Mario has a master’s degree in sociology, with studies in groundwater and integrated watershed management. He expects to complete his PhD in philosophy soon. However, there isn’t the least hint of pedantry in his loud and hearty laughter.

His training in sociology increased his interest in matters that had concerned him from childhood, such as social inequality and respect for natural resources.
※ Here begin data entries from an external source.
lemma sphere_mean_eq_0_if_exact:
  fixes A B dA dB :: "real \<Rightarrow> real \<Rightarrow> real"
  assumes dA: "\<And>\<phi> \<theta>. ((\<lambda>\<theta>. A \<phi> \<theta>) has_real_derivative dA \<phi> \<theta>) (at \<theta>)"
    and dB: "\<And>\<phi> \<theta>. ((\<lambda>\<phi>. B \<phi> \<theta>) has_real_derivative dB \<phi> \<theta>) (at \<phi>)"
    and cont_dA: "continuous_on UNIV (\<lambda>w. dA (fst w) (snd w))"
    and cont_dB: "continuous_on UNIV (\<lambda>w. dB (fst w) (snd w))"
    and A: "\<And>\<phi>. A \<phi> pi = A \<phi> 0" and B: "\<And>\<theta>. B (2 * pi) \<theta> = B 0 \<theta>"
    and exact: "\<And>\<phi> \<theta>. g (sph \<theta> \<phi>) * sin \<theta> = dA \<phi> \<theta> + dB \<phi> \<theta>"
  shows "sphere_mean g = 0"
proof -
  have "sphere_mean g = integral sph_rect (\<lambda>w. dA (fst w) (snd w) + dB (fst w) (snd w)) / (4 * pi)"
    unfolding sphere_mean_def exact ..
  also have "\<dots> = 0"
    using integral_add[OF integrable_continuous[OF continuous_on_subset[OF cont_dA]]
        integrable_continuous[OF continuous_on_subset[OF cont_dB]]]
      integral_sph_rect_dtheta_eq_0[OF dA cont_dA A] integral_sph_rect_dphi_eq_0[OF dB cont_dB B]
    by (simp add: sph_rect_def)
  finally show ?thesis .
qed
lemma chain_valid_step_pos:
  assumes valid: "chain_valid k a t f" and "j < k"
  shows "0 < f (arc j 2)"
proof (rule ccontr)
  txt \<open>Otherwise the 2-cycle on vertices 2 and 3 of gadget j is cut off from the entry.\<close>
  assume "\<not> 0 < f (arc j 2)"
  then have "f (arc j 2) = 0" and "f (arc j 5) = 0"
    using chain_valid_balance(3,4)[OF assms] by simp_all
  let ?S = "{vtx j 2, vtx j 3}"
  have cut: "chain_src e \<in> ?S \<longleftrightarrow> chain_tgt e \<in> ?S" if "e \<in> chain_A k" "0 < f e" for e
    using that \<open>f (arc j 2) = 0\<close> \<open>f (arc j 5) = 0\<close>
    by (elim chain_A_cases disjE conjE; auto simp: chain_ends vtx_eq_iff)
  have reach: "(vtx j 2, chain_entry k) \<in> (pos_adj (chain_A k) chain_src chain_tgt f)\<^sup>*"
    using valid \<open>j < k\<close> unfolding valid_labelling_def by (simp add: vtx_in_chain_V)
  have "chain_entry k \<in> ?S"
    using pos_adj_rtrancl_closed[OF cut reach] by simp
  then show False by (simp add: vtx_eq_iff)
qed

definition link_label :: "nat \<Rightarrow> nat \<Rightarrow> (nat \<Rightarrow> nat) \<Rightarrow> nat \<Rightarrow> nat" where
  "link_label k t f j = (if j + 1 < k then f (arc (j + 1) 8) else t)"

lemma chain_valid_increasing_links:
  assumes "1 \<le> k" and valid: "chain_valid k a t f"
  shows "increasing_links k a t (link_label k t f)"
proof
  have step: "link_label k t f j = f (arc j 2) + (if 1 \<le> j then link_label k t f (j - 1) else 0)"
    if "j < k" for j
    using chain_valid_balance(1,2)[OF valid that] that by (auto simp: link_label_def)
  show "0 < link_label k t f 0"
    using step[of 0] chain_valid_step_pos[OF valid, of 0] \<open>1 \<le> k\<close> by simp
  show "link_label k t f (j - 1) < link_label k t f j" if "0 < j" "j < k" for j
    using step[of j] chain_valid_step_pos[OF valid, of j] that by simp
  show "link_label k t f j \<le> a" if "j < k" for j
    using chain_valid_balance(1)[OF valid that] by (simp add: link_label_def)
  show "link_label k t f (k - 1) = t"
    using \<open>1 \<le> k\<close> by (simp add: link_label_def)
qed (fact \<open>1 \<le> k\<close>)

lemma increasing_links_iff:
  assumes "1 \<le> k"
  shows "(\<exists>c. increasing_links k a t c) \<longleftrightarrow> k \<le> t \<and> t \<le> a"
proof
  assume "\<exists>c. increasing_links k a t c"
  then obtain c where "increasing_links k a t c" ..
  then interpret increasing_links k a t c .
  have "k - 1 < c (k - 1)"
    using index_less_of_increasing[OF c_first_pos c_increasing] k_pos by simp
  then show "k \<le> t \<and> t \<le> a" using c_last c_le_a[of "k - 1"] k_pos by simp
next
  assume "k \<le> t \<and> t \<le> a"
  then show "\<exists>c. increasing_links k a t c"
    using assms by (intro exI[of _ "\<lambda>j. t + 1 + j - k"]) (unfold_locales, auto)
qed
lemma eta_h: "eta q \<bullet> (h q *v v) = 0"
proof -
  note D = has_derivative_inner[OF has_derivative_eta has_derivative_matrix_vector_mult[OF has_derivative_phi has_derivative_const[of v]]]
  have "eta q \<bullet> (phi q *v 0 + fderiv phi q (xi q) *v v) + fderiv eta q (xi q) \<bullet> (phi q *v v) = 0"
    using derivative_of_identity[OF _ D, of 0 "xi q"] eta_phi by blast
  then have "2 * (eta q \<bullet> (h q *v v)) = - (fderiv eta q (xi q) \<bullet> (phi q *v v) + eta q \<bullet> fderiv xi q (phi q *v v))"
    by (simp add: h_apply inner_add_right inner_diff_right eta_phi[OF q])
  then show ?thesis by (simp add: lie_eta_zero)
qed

lemma fderiv_g_sym: "v \<bullet> (fderiv g q k *v w) = w \<bullet> (fderiv g q k *v v)"
proof (rule inner_matrix_vector_mult_sym)
  note D = has_derivative_diff[OF bounded_linear.has_derivative[OF bounded_linear_transpose has_derivative_g] has_derivative_g]
  show "transpose (fderiv g q k) = fderiv g q k"
    using derivative_of_identity[OF _ D, of 0 k] g_transpose by simp
qed

end

text \<open>\<open>(L\<^sub>\<xi> g)(v, w)\<close> for constant vector fields \<open>v\<close>, \<open>w\<close>.\<close>

definition lie_metric :: "real^'n \<Rightarrow> real^'n \<Rightarrow> real^'n \<Rightarrow> real" where
  "lie_metric q v w =
     v \<bullet> (fderiv g q (xi q) *v w) + fderiv xi q v \<bullet> (g q *v w) + v \<bullet> (g q *v fderiv xi q w)"

context
  fixes q assumes q: "q \<in> U"
begin

lemma lie_metric_sym: "lie_metric q v w = lie_metric q w v"
  unfolding lie_metric_def
  using fderiv_g_sym[OF q, of v "xi q" w] g_sym[OF q, of "fderiv xi q v" w] g_sym[OF q, of v "fderiv xi q w"]
  by (simp add: algebra_simps)

lemma lie_metric_xi: "lie_metric q v (xi q) = 0"
proof -
  note D = has_derivative_diff[OF
      has_derivative_inner[OF has_derivative_const[of v]
        has_derivative_matrix_vector_mult[OF has_derivative_g[OF q] has_derivative_xi[OF q]]]
      has_derivative_inner[OF has_derivative_eta[OF q] has_derivative_const[of v]]]
  have "v \<bullet> (g q *v fderiv xi q (xi q) + fderiv g q (xi q) *v xi q) - fderiv eta q (xi q) \<bullet> v = 0"
    using derivative_of_identity[OF q _ D, of 0 "xi q"] g_xi by simp
  then have "lie_metric q v (xi q) = fderiv eta q (xi q) \<bullet> v + eta q \<bullet> fderiv xi q v"
    using g_xi[OF q, of "fderiv xi q v"] unfolding lie_metric_def by (simp add: inner_add_right algebra_simps)
  then show ?thesis using lie_eta_zero[OF q] by simp
qed

text \<open>\<open>L\<^sub>\<xi> d\<eta> = d L\<^sub>\<xi> \<eta> = 0\<close>; in coordinates this needs the symmetry of second derivatives
  of \<open>\<eta>\<close> and \<open>\<xi>\<close>.\<close>

lemma lie_deta:
  "fderiv (\<lambda>y. fderiv eta y v) q (xi q) \<bullet> w - fderiv (\<lambda>y. fderiv eta y w) q (xi q) \<bullet> v
     + d_form eta q (fderiv xi q v) w + d_form eta q v (fderiv xi q w) = 0"
proof -
  define eta'' where "eta'' a k = fderiv (\<lambda>y. fderiv eta y a) q k" for a k
  define xi'' where "xi'' a k = fderiv (\<lambda>y. fderiv xi y a) q k" for a k
  have xi''_sym: "xi'' a b = xi'' b a" for a b
    unfolding xi''_def by (rule smooth_on_mixed_partials_commute[OF smooth_xi open_U q])
  have eta''_sym: "eta'' a b = eta'' b a" for a b
    unfolding eta''_def by (rule smooth_on_mixed_partials_commute[OF smooth_eta open_U q])
  have lie_eta_deriv: "(eta'' b (xi q) + fderiv eta q (fderiv xi q b)) \<bullet> a
      + eta q \<bullet> xi'' a b + fderiv eta q b \<bullet> fderiv xi q a = 0" for a b
  proof -
    note D = has_derivative_add[OF
        has_derivative_inner[OF has_derivative_fderiv_along_field[OF smooth_eta smooth_xi open_U q]
          has_derivative_const[of a]]
        has_derivative_inner[OF has_derivative_eta[OF q]
          smooth_on_has_derivative[OF smooth_on_fderiv[OF smooth_xi] q, of a]]]
    have "(eta'' (xi q) b + fderiv eta q (fderiv xi q b)) \<bullet> a
        + (eta q \<bullet> xi'' a b + fderiv eta q b \<bullet> fderiv xi q a) = 0"
      using derivative_of_identity[OF q _ D, of 0 b] lie_eta_zero unfolding eta''_def xi''_def by simp
    then show ?thesis using eta''_sym[of "xi q" b] by (simp add: algebra_simps)
  qed
  show ?thesis
    using lie_eta_deriv[of w v] lie_eta_deriv[of v w] xi''_sym[of v w]
    unfolding eta''_def[symmetric] d_form_def by (simp add: inner_add_left algebra_simps)
qed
As a native of San Miguel de Allende, Mario grew up in close contact with nature and authentic traditions of the people. Remembering a much more homogeneous childhood prior to the free trade that arrived in 1994, he mentions that NAFTA was a turning point during which he began receiving avalanches of information. In recent years, San Miguel has gone through a great social and cultural transformation that has adopted cement and lights according to what some politicians have called progress, leaving aside the local culture and forgetting our botany and plant heritage. An example of this is that today’s youngsters can name a jacaranda or a decorative ficus, but they cannot recognize a huizache or a mesquite while walking through the hills of San Miguel.

The existence of a nature reserve has much consequence in both the ecosystem and society. El Charco del Ingenio represents the great lungs of San Miguel, which provide us with oxygen and regulate the temperature of the city. It is a sacred space for maintaining biodiversity through which animals and insect pollinators can do their jobs. The regional plants are extremely valuable and necessary for balance and maintaining life.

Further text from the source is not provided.